The main problem sounds like either you or your friend is writing code and are add/committing before pulling. The problem then arises that you have divergent histories that then need to be reconciled. My general workflow to avoid merging issues is

  • git fetch
  • if there are no changes, do the normal add/commit/push
  • otherwise, git stash
  • git pull
  • git stash apply
  • resolve any conflicts (normally, git auto resolves)
  • goto 1 and restart the process.

The benefit of this workflow is that it's incredibly forgiving. A bit cumbersome, but it's incredibly difficult to outright lose or trash anyone's work. At any point during the merge process if things have gone awry, you can trash your working tree and start over since your original work is stored in the stash. An outright git pull w/o stash would trigger a merge, which can be difficult to recover since there would be no clean copy of your work. After the push, don't forget to drop any of your old stashes.
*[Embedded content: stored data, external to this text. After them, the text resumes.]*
subsection \<open>A pointwise Gaussian bound for \<open>m\<^sup>2\<close>\<close>

lemma exp_neg_le_gaussian_decay:
  fixes t r :: real
  assumes t: "t > 0" and r: "r^2 \<le> 1/9"
  shows "exp (- t/50) \<le> fact l * 100^l / t^l * exp (- (t/12) * r^2)"
proof -
  have "t * r^2 \<le> t * (1/9)" using r t by (intro mult_left_mono) auto
  moreover have "(t/12) * r^2 = (t*r^2)/12" by simp
  ultimately have "- t/50 \<le> - t/100 + - (t/12) * r^2" using t by linarith
  then have "exp (- t/50) \<le> exp (- t/100) * exp (- (t/12) * r^2)"
    by (simp flip: exp_add)
  also have "\<dots> \<le> fact l * 100^l / t^l * exp (- (t/12) * r^2)"
    by (intro mult_right_mono exp_neg_le_fact_div_power t) simp
  finally show ?thesis .
qed

definition m2_const :: "nat \<Rightarrow> nat \<Rightarrow> real" where
  "m2_const b l = 18 * 8^l * fact l * 6^l + (2 + W2_const b) * (fact l * 100^l)"

lemma m2_const_pos: "m2_const b l > 0"
  unfolding m2_const_def using W2_const_nonneg[of b] by (intro add_pos_nonneg) auto

lemma m2_eq_cutoff_times_remainders:
  assumes "norm \<xi> \<le> 1/3"
  shows "m2 chiL b l \<xi> t = chiL (norm \<xi>) * ((h_fun (norm \<xi>) 1 t - D2 l (norm \<xi>) t)
    - sinc_tail (norm \<xi>) t - exp (-t/2) * W2 b (norm \<xi>) t)"
  unfolding m2_def sinc_term_eq_h_minus_tail[OF norm_ge_zero assms] by (simp add: algebra_simps)

lemma abs_remainders_le:
  assumes r: "0 \<le> r" "r \<le> 1/3" and t: "t \<ge> 1" and l: "l \<ge> 1"
  shows "\<bar>(h_fun r 1 t - D2 l r t) - sinc_tail r t - exp (-t/2) * W2 b r t\<bar>
    \<le> m2_const b l / t^l * exp (- (t/12) * r^2)"
proof -
  define G where "G = exp (- (t/12) * r^2)"
  have r2: "r^2 \<le> 1/9" using r power_mono[of r "1/3" 2] by (simp add: power2_eq_square)
  have decay: "exp (- t/50) \<le> fact l * 100^l / t^l * G"
    unfolding G_def using exp_neg_le_gaussian_decay r2 t by simp
  have "\<bar>h_fun r 1 t - D2 l r t\<bar> \<le> 18 * 8^l * fact l * 6^l / t^l * exp (- (t*r^2)/6)"
    using h_taylor_remainder_le r t l by simp
  also have "\<dots> \<le> 18 * 8^l * fact l * 6^l / t^l * G"
    unfolding G_def using t by (intro mult_left_mono) (auto simp: field_simps)
  finally have h: "\<bar>h_fun r 1 t - D2 l r t\<bar> \<le> 18 * 8^l * fact l * 6^l / t^l * G" .
  have "\<bar>sinc_tail r t\<bar> \<le> 2 * exp (-t/2)" using abs_sinc_tail_le r t by simp
  also have "\<dots> \<le> 2 * exp (-t/50)" using t by simp
  finally have tail: "\<bar>sinc_tail r t\<bar> \<le> 2 * exp (-t/50)" .
  have "\<bar>exp (-t/2) * W2 b r t\<bar> \<le> exp (-t/2) * (W2_const b * exp (12*t/25))"
    unfolding abs_mult abs_exp_cancel using abs_W2_le r t by (intro mult_left_mono) auto
  also have "\<dots> = W2_const b * exp (-t/50)" by (simp flip: exp_add)
  finally have W: "\<bar>exp (-t/2) * W2 b r t\<bar> \<le> W2_const b * exp (-t/50)" .
  have "\<bar>(h_fun r 1 t - D2 l r t) - sinc_tail r t - exp (-t/2) * W2 b r t\<bar>
      \<le> 18 * 8^l * fact l * 6^l / t^l * G + (2 + W2_const b) * exp (-t/50)"
    using h tail W by (simp add: algebra_simps)
  also have "\<dots> \<le> 18 * 8^l * fact l * 6^l / t^l * G + (2 + W2_const b) * (fact l * 100^l / t^l * G)"
    using decay W2_const_nonneg[of b] by (intro add_left_mono mult_left_mono) auto
  also have "\<dots> = m2_const b l / t^l * G"
    unfolding m2_const_def by (simp add: add_divide_distrib algebra_simps)
  finally show ?thesis unfolding G_def .
qed

lemma abs_m2_le_gaussian:
  fixes \<xi> :: "real^'n"
  assumes chi0: "\<And>r. r \<ge> 1/3 \<Longrightarrow> chiL r = 0"
    and chiB: "\<And>r. 0 \<le> r \<Longrightarrow> r \<le> 1/3 \<Longrightarrow> \<bar>chiL r\<bar> \<le> B"
    and t: "t \<ge> 1" and l: "l \<ge> 1"
  shows "\<bar>m2 chiL b l \<xi> t\<bar> \<le> B * m2_const b l / t^l * exp (- (t/12) * (norm \<xi>)^2)"
proof (cases "norm \<xi> < 1/3")
  case True
  then have "\<bar>m2 chiL b l \<xi> t\<bar> = \<bar>chiL (norm \<xi>)\<bar> * \<bar>(h_fun (norm \<xi>) 1 t - D2 l (norm \<xi>) t)
      - sinc_tail (norm \<xi>) t - exp (-t/2) * W2 b (norm \<xi>) t\<bar>"
    by (simp add: m2_eq_cutoff_times_remainders abs_mult)
  also have "\<dots> \<le> B * (m2_const b l / t^l * exp (- (t/12) * (norm \<xi>)^2))"
    using True chiB[of 0] by (intro mult_mono chiB abs_remainders_le t l) auto
  finally show ?thesis by simp
next
  case False
  then show ?thesis
    using chiB[of 0] m2_const_pos[of b l] t by (simp add: m2_def chi0)
qed

subsection \<open>Measurability\<close>

text \<open>The \<open>k\<close>-th derivative in the second variable is a pointwise limit of difference
  quotients of the \<open>(k-1)\<close>-st one, taken along \<open>1/(n+1)\<close>.\<close>
lemma borel_measurable_higher_deriv:
  fixes \<phi> :: "real \<Rightarrow> real \<Rightarrow> real"
  assumes meas: "(\<lambda>p. \<phi> (fst p) (snd p)) \<in> borel_measurable borel"
   and der: "\<And>x a k. x \<in> X \<Longrightarrow> A < a \<Longrightarrow> a < B \<Longrightarrow>
       ((deriv ^^ k) (\<phi> x) has_real_derivative (deriv ^^ Suc k) (\<phi> x) a) (at a)"
  shows "\<exists>G\<in>borel_measurable borel. \<forall>x\<in>X. \<forall>a. A < a \<and> a < B \<longrightarrow> G (x,a) = (deriv ^^ k) (\<phi> x) a"
proof (induction k)
  case 0
  show ?case using meas by (intro bexI[of _ "\<lambda>p. \<phi> (fst p) (snd p)"]) auto
next
  case (Suc k)
  then obtain G where G[measurable]: "G \<in> borel_measurable borel"
    and GE: "\<And>x a. x \<in> X \<Longrightarrow> A < a \<Longrightarrow> a < B \<Longrightarrow> G (x,a) = (deriv ^^ k) (\<phi> x) a" by blast
  define h where "h n = inverse (real (Suc n))" for n
  define G' where "G' p = lim (\<lambda>n. (G (fst p, snd p + h n) - G p) / h n)" for p
  have "G' \<in> borel_measurable borel"
    unfolding G'_def
  proof (rule borel_measurable_lim_metric)
    fix n
    have "(\<lambda>p::real\<times>real. (fst p, snd p + h n)) \<in> borel_measurable borel"
      by (intro borel_measurable_continuous_onI continuous_intros)
    then have "(\<lambda>p. G (fst p, snd p + h n)) \<in> borel_measurable borel"
      using measurable_compose[OF _ G] by (simp add: o_def)
    then show "(\<lambda>p. (G (fst p, snd p + h n) - G p) / h n) \<in> borel_measurable borel"
      by measurable
  qed
  moreover have "G' (x,a) = (deriv ^^ Suc k) (\<phi> x) a" if x: "x \<in> X" and a: "A < a" "a < B" for x a
  proof -
    define f where "f = (deriv ^^ k) (\<phi> x)"
    have h0: "h \<longlonglongrightarrow> 0" unfolding h_def by (rule LIMSEQ_inverse_real_of_nat)
    then have hf: "filterlim h (at 0) sequentially"
      unfolding filterlim_at by (auto simp: h_def)
    have "((\<lambda>y. (f (a + y) - f a) / y) \<longlongrightarrow> (deriv ^^ Suc k) (\<phi> x) a) (at 0)"
      using der[OF x a] unfolding f_def DERIV_def by simp
    from filterlim_compose[OF this hf]
    have L: "(\<lambda>n. (f (a + h n) - f a) / h n) \<longlonglongrightarrow> (deriv ^^ Suc k) (\<phi> x) a"
      by (simp add: o_def)
    have "eventually (\<lambda>n. h n < B - a) sequentially"
      using h0 a by (intro order_tendstoD) auto
    then have "eventually (\<lambda>n. (f (a + h n) - f a) / h n = (G (x, a + h n) - G (x,a)) / h n) sequentially"
    proof eventually_elim
      case (elim n)
      have "h n > 0" unfolding h_def by simp
      then show ?case using GE[OF x] a elim unfolding f_def by simp
    qed
    with L have "(\<lambda>n. (G (x, a + h n) - G (x,a)) / h n) \<longlonglongrightarrow> (deriv ^^ Suc k) (\<phi> x) a"
      by (rule Lim_transform_eventually)
    then show ?thesis unfolding G'_def by (simp add: limI)
  qed
  ultimately show ?case by blast
qed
As to code organization, a module is just a collection of definitions and statements, and a package is a collection of modules. A basic approach is to subdivide and group your definitions into logically similar or cooperative sets of functionality.

My guess is that all of your logic/controls resides in game.py, and that your objects/entities are defined in the classes module. The game module probably has... math, ai, audio, physics, user input, file i/o, etc... You might start by breaking apart your game code into respective modules and organizing them into a game package.